HOW TO COMPLETE THIS TASK
Reproduce the first line of the material below and each line after it, exactly, through the line containing "define large_Y where", and give nothing more.

EXERCISE DATA

lemma (in prob_space) prob_sqrt_less_abs_scale_add_tendsto_1:
  fixes X Y :: "'a \<Rightarrow> real"
  assumes [measurable]: "X \<in> borel_measurable M" "Y \<in> borel_measurable M"
    and "prob {\<omega> \<in> space M. X \<omega> = c} = 0"
  shows "((\<lambda>\<alpha>. prob {\<omega> \<in> space M. sqrt \<alpha> < \<bar>\<alpha> * (X \<omega> - c) + Y \<omega>\<bar>}) \<longlongrightarrow> 1) at_top"
proof (rule tendsto_sandwich)
  define small_X where "small_X \<alpha> = {\<omega> \<in> space M. \<bar>X \<omega> - c\<bar> \<le> 2 / sqrt \<alpha>}" for \<alpha>
  define large_Y where "large_Y \<alpha> = {\<omega> \<in> space M. sqrt \<alpha> < \<bar>Y \<omega>\<bar>}" for \<alpha>
  have "filterlim (\<lambda>\<alpha>. 2 / sqrt \<alpha>) (at_right 0) at_top"
    using filterlim_compose[OF filterlim_inverse_at_right_top
        filterlim_tendsto_pos_mult_at_top[OF tendsto_const _ sqrt_at_top, of "1/2"]]
    by (simp add: field_simps)
  then have "((\<lambda>\<alpha>. prob (small_X \<alpha>)) \<longlongrightarrow> 0) at_top"
    unfolding small_X_def using prob_abs_diff_le_tendsto[of X c] assms(3)
    by (auto intro: filterlim_compose)
  moreover have "((\<lambda>\<alpha>. prob (large_Y \<alpha>)) \<longlongrightarrow> 0) at_top"
    unfolding large_Y_def by (rule filterlim_compose[OF prob_abs_gt_tendsto_0 sqrt_at_top]) fact
  ultimately show "((\<lambda>\<alpha>. 1 - prob (small_X \<alpha>) - prob (large_Y \<alpha>)) \<longlongrightarrow> 1) at_top"
    using tendsto_diff[OF tendsto_diff[OF tendsto_const]] by fastforce
  show "\<forall>\<^sub>F \<alpha> in at_top. 1 - prob (small_X \<alpha>) - prob (large_Y \<alpha>)
          \<le> prob {\<omega> \<in> space M. sqrt \<alpha> < \<bar>\<alpha> * (X \<omega> - c) + Y \<omega>\<bar>}"
    using eventually_gt_at_top[of 0]
  proof eventually_elim
    case (elim \<alpha>)
    have "space M - (small_X \<alpha> \<union> large_Y \<alpha>) \<subseteq> {\<omega> \<in> space M. sqrt \<alpha> < \<bar>\<alpha> * (X \<omega> - c) + Y \<omega>\<bar>}"
    proof safe
      fix \<omega> assume "\<omega> \<in> space M" "\<omega> \<notin> small_X \<alpha>" "\<omega> \<notin> large_Y \<alpha>"
      then have "2 / sqrt \<alpha> < \<bar>X \<omega> - c\<bar>" "\<bar>Y \<omega>\<bar> \<le> sqrt \<alpha>"
        by (auto simp: small_X_def large_Y_def)
      then have "\<alpha> * (2 / sqrt \<alpha>) < \<alpha> * \<bar>X \<omega> - c\<bar>"
        using elim by (intro mult_strict_left_mono) auto
      moreover have "\<alpha> * (2 / sqrt \<alpha>) = 2 * sqrt \<alpha>"
        using elim by (metis less_imp_le real_div_sqrt times_divide_eq_right mult.commute)
      ultimately show "sqrt \<alpha> < \<bar>\<alpha> * (X \<omega> - c) + Y \<omega>\<bar>"
        using \<open>\<bar>Y \<omega>\<bar> \<le> sqrt \<alpha>\<close> elim by (simp add: abs_mult)
    qed
    then have "prob (space M - (small_X \<alpha> \<union> large_Y \<alpha>))
        \<le> prob {\<omega> \<in> space M. sqrt \<alpha> < \<bar>\<alpha> * (X \<omega> - c) + Y \<omega>\<bar>}"
      by (intro finite_measure_mono) auto
    moreover have "prob (small_X \<alpha> \<union> large_Y \<alpha>) \<le> prob (small_X \<alpha>) + prob (large_Y \<alpha>)"
      by (intro measure_Un_le) (auto simp: small_X_def large_Y_def)
    moreover have "prob (space M - (small_X \<alpha> \<union> large_Y \<alpha>)) = 1 - prob (small_X \<alpha> \<union> large_Y \<alpha>)"
      by (intro prob_compl) (auto simp: small_X_def large_Y_def)
    ultimately show ?case by linarith
  qed
  show "\<forall>\<^sub>F \<alpha> in at_top. prob {\<omega> \<in> space M. sqrt \<alpha> < \<bar>\<alpha> * (X \<omega> - c) + Y \<omega>\<bar>} \<le> 1"
    by simp
qed simp
lemma count_add_empty:
  assumes "count_add M \<mu>"
  shows "\<mu> {} = 0"
proof -
  have "(\<lambda>n::nat. \<mu> {}) sums \<mu> (\<Union>n::nat. {})"
    using assms unfolding count_add_def by (auto simp: disjoint_family_on_def)
  then have "(\<lambda>n::nat. \<mu> {}) \<longlonglongrightarrow> 0"
    using sums_summable summable_LIMSEQ_zero by blast
  then show ?thesis using LIMSEQ_unique tendsto_const by blast
qed

lemma count_add_Un:
  assumes "count_add M \<mu>" "A \<in> sets M" "B \<in> sets M" "A \<inter> B = {}"
  shows "\<mu> (A \<union> B) = \<mu> A + \<mu> B"
proof -
  define F where "F = (\<lambda>n::nat. if n = 0 then A else if n = 1 then B else {})"
  have "range F \<subseteq> sets M" "disjoint_family F" "(\<Union>n. F n) = A \<union> B"
    using assms(2-4) unfolding F_def disjoint_family_on_def by (auto split: if_splits)
  then have "(\<lambda>n. \<mu> (F n)) sums \<mu> (A \<union> B)"
    using assms(1) unfolding count_add_def by metis
  moreover have "(\<lambda>n. \<mu> (F n)) sums (\<Sum>n\<in>{0,1}. \<mu> (F n))"
    by (rule sums_finite) (auto simp: F_def count_add_empty[OF assms(1)])
  ultimately show ?thesis by (simp add: sums_unique2 F_def)
qed

lemma weakly_count_add_Diff_split:
  fixes F :: "'x set \<Rightarrow> 'a::complex_inner"
  assumes "\<And>h. count_add M (\<lambda>A. cinner h (F A))" "A \<in> sets M" "S \<in> sets M"
  shows "F A = F (A \<inter> S) + F (A - S)"
proof (rule cinner_ext)
  fix h
  have "A = (A \<inter> S) \<union> (A - S)" by blast
  then have "cinner h (F A) = cinner h (F (A \<inter> S)) + cinner h (F (A - S))"
    using count_add_Un[OF assms(1)[of h], of "A \<inter> S" "A - S"] assms(2,3) by auto
  then show "cinner h (F A) = cinner h (F (A \<inter> S) + F (A - S))"
    by (simp add: cinner_add_right)
qed

lemma concentrated_iff_null_off:
  fixes J :: "'x set \<Rightarrow> 'a \<Rightarrow> 'k \<Rightarrow> 'k::cancel_comm_monoid_add"
  assumes "\<And>A a x. A \<in> sets M \<Longrightarrow> J A a x = J (A \<inter> S) a x + J (A - S) a x"
  shows "concentrated M J S \<longleftrightarrow> (\<forall>A\<in>sets M. J (A - S) = (\<lambda>a x. 0))"
proof
  assume "concentrated M J S"
  then have "J (A - S) a x = 0" if "A \<in> sets M" for A a x
    using assms[OF that, of a x] that unfolding concentrated_def by simp
  then show "\<forall>A\<in>sets M. J (A - S) = (\<lambda>a x. 0)"
    by blast
next
  assume "\<forall>A\<in>sets M. J (A - S) = (\<lambda>a x. 0)"
  then have "J A a x = J (A \<inter> S) a x" if "A \<in> sets M" for A a x
    using assms[OF that, of a x] that by simp
  then show "concentrated M J S"
    unfolding concentrated_def by blast
qed

lemma clinear_zero: "clinear T \<Longrightarrow> T 0 = 0"
  unfolding clinear_def by (metis add_cancel_right_right)

lemma clinear_sum:
  assumes "clinear T" "finite F"
  shows "T (\<Sum>s\<in>F. c s *\<^sub>C s) = (\<Sum>s\<in>F. c s *\<^sub>C T s)"
  using assms(2)
proof (induction F rule: finite_induct)
  case empty
  then show ?case using clinear_zero[OF assms(1)] by simp
next
  case (insert x F)
  then show ?case using assms(1) unfolding clinear_def by simp
qed

lemma clinear_comp: "clinear S \<Longrightarrow> clinear T \<Longrightarrow> clinear (S \<circ> T)"
  unfolding clinear_def by simp

lemma bounded_op_bounded_linear:
  assumes "bounded_op T"
  shows "bounded_linear T"
proof -
  obtain C where lin: "clinear T" and C: "\<And>x. norm (T x) \<le> C * norm x"
    using assms unfolding bounded_op_def by blast
  show ?thesis
  proof (rule bounded_linear_intro[where K = C])
    show "T (x + y) = T x + T y" for x y
      using lin unfolding clinear_def by simp
    show "T (r *\<^sub>R x) = r *\<^sub>R T x" for r x
      using lin unfolding clinear_def by (simp add: scaleR_scaleC)
    show "norm (T x) \<le> norm x * C" for x
      using C[of x] by (simp add: mult.commute)
  qed
qed

lemma clinear_eq_zero_on_dense_cspan:
  fixes T :: "'a::complex_inner \<Rightarrow> 'b::complex_inner"
  assumes "clinear T" "continuous_on UNIV T" "\<And>x. x \<in> G \<Longrightarrow> T x = 0"
    and "closure (cspan G) = UNIV"
  shows "T = (\<lambda>x. 0)"
proof -
  have "cspan G \<subseteq> {x. T x = 0}"
  proof
    fix y assume "y \<in> cspan G"
    then obtain F c where "finite F" "F \<subseteq> G" "y = (\<Sum>s\<in>F. c s *\<^sub>C s)"
      unfolding cspan_def by blast
    then show "y \<in> {x. T x = 0}"
      using clinear_sum[OF assms(1)] assms(3) by (auto intro!: sum.neutral)
  qed
  moreover have "closed {x. T x = 0}"
    using assms(2) by (intro closed_Collect_eq continuous_on_const)
  ultimately have "closure (cspan G) \<subseteq> {x. T x = 0}"
    by (rule closure_minimal)
  then show ?thesis using assms(4) by auto
qed

lemma star_hom_mult_apply: "star_hom \<pi> \<Longrightarrow> \<pi> (a * b) x = \<pi> a (\<pi> b x)"
  unfolding star_hom_def by simp

lemma star_hom_adjoint: "star_hom \<pi> \<Longrightarrow> cinner (\<pi> a x) y = cinner x (\<pi> (cstar a) y)"
  unfolding star_hom_def by blast

lemma star_hom_bounded_op: "star_hom \<pi> \<Longrightarrow> bounded_op (\<pi> a)"
  unfolding star_hom_def by blast

lemma spectral_measure_bounded_op:
  "spectral_measure M E \<Longrightarrow> A \<in> sets M \<Longrightarrow> bounded_op (E A)"
  unfolding spectral_measure_def by blast

lemma spectral_measure_idem_apply:
  "spectral_measure M E \<Longrightarrow> A \<in> sets M \<Longrightarrow> E A (E A x) = E A x"
  unfolding spectral_measure_def by (metis comp_apply)

lemma spectral_measure_selfadjoint:
  "spectral_measure M E \<Longrightarrow> A \<in> sets M \<Longrightarrow> cinner (E A x) y = cinner x (E A y)"
  unfolding spectral_measure_def by blast

lemma spectral_measure_commute_apply:
  assumes "spectral_measure M E" "A \<in> sets M" "B \<in> sets M"
  shows "E A (E B x) = E B (E A x)"
proof -
  have "E A \<circ> E B = E B \<circ> E A"
    using assms unfolding spectral_measure_def by (metis Int_commute)
  then show ?thesis by (metis comp_apply)
qed

lemma bidilation_commute:
  assumes "minimal_bidilation M I \<pi> E V" "B \<in> sets M"
  shows "\<pi> a (E B x) = E B (\<pi> a x)"
proof -
  have "\<pi> a \<circ> E B = E B \<circ> \<pi> a"
    using assms unfolding minimal_bidilation_def by blast
  then show ?thesis by (metis comp_apply)
qed

lemma bidilation_cinner_self:
  assumes mb: "minimal_bidilation M I \<pi> E V" and A: "A \<in> sets M"
  shows "cinner (\<pi> c (E A (V h))) (\<pi> c (E A (V h))) = cinner h (I A (cstar c * c) h)"
proof -
  have sh: "star_hom \<pi>" and sm: "spectral_measure M E"
    using mb unfolding minimal_bidilation_def by auto
  let ?y = "E A (V h)"
  have "cinner (\<pi> c ?y) (\<pi> c ?y) = cinner ?y (\<pi> (cstar c * c) ?y)"
    by (simp add: star_hom_adjoint[OF sh] star_hom_mult_apply[OF sh])
  also have "\<dots> = cinner (V h) (\<pi> (cstar c * c) (E A ?y))"
    by (simp add: spectral_measure_selfadjoint[OF sm A] bidilation_commute[OF mb A])
  also have "\<dots> = cinner (V h) (\<pi> (cstar c * c) ?y)"
    by (simp add: spectral_measure_idem_apply[OF sm A])
  also have "\<dots> = cinner h (I A (cstar c * c) h)"
    using mb A unfolding minimal_bidilation_def by simp
  finally show ?thesis .
qed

COMPLETED EXERCISE
lemma (in prob_space) prob_sqrt_less_abs_scale_add_tendsto_1:
  fixes X Y :: "'a \<Rightarrow> real"
  assumes [measurable]: "X \<in> borel_measurable M" "Y \<in> borel_measurable M"
    and "prob {\<omega> \<in> space M. X \<omega> = c} = 0"
  shows "((\<lambda>\<alpha>. prob {\<omega> \<in> space M. sqrt \<alpha> < \<bar>\<alpha> * (X \<omega> - c) + Y \<omega>\<bar>}) \<longlongrightarrow> 1) at_top"
proof (rule tendsto_sandwich)
  define small_X where "small_X \<alpha> = {\<omega> \<in> space M. \<bar>X \<omega> - c\<bar> \<le> 2 / sqrt \<alpha>}" for \<alpha>
  define large_Y where "large_Y \<alpha> = {\<omega> \<in> space M. sqrt \<alpha> < \<bar>Y \<omega>\<bar>}" for \<alpha>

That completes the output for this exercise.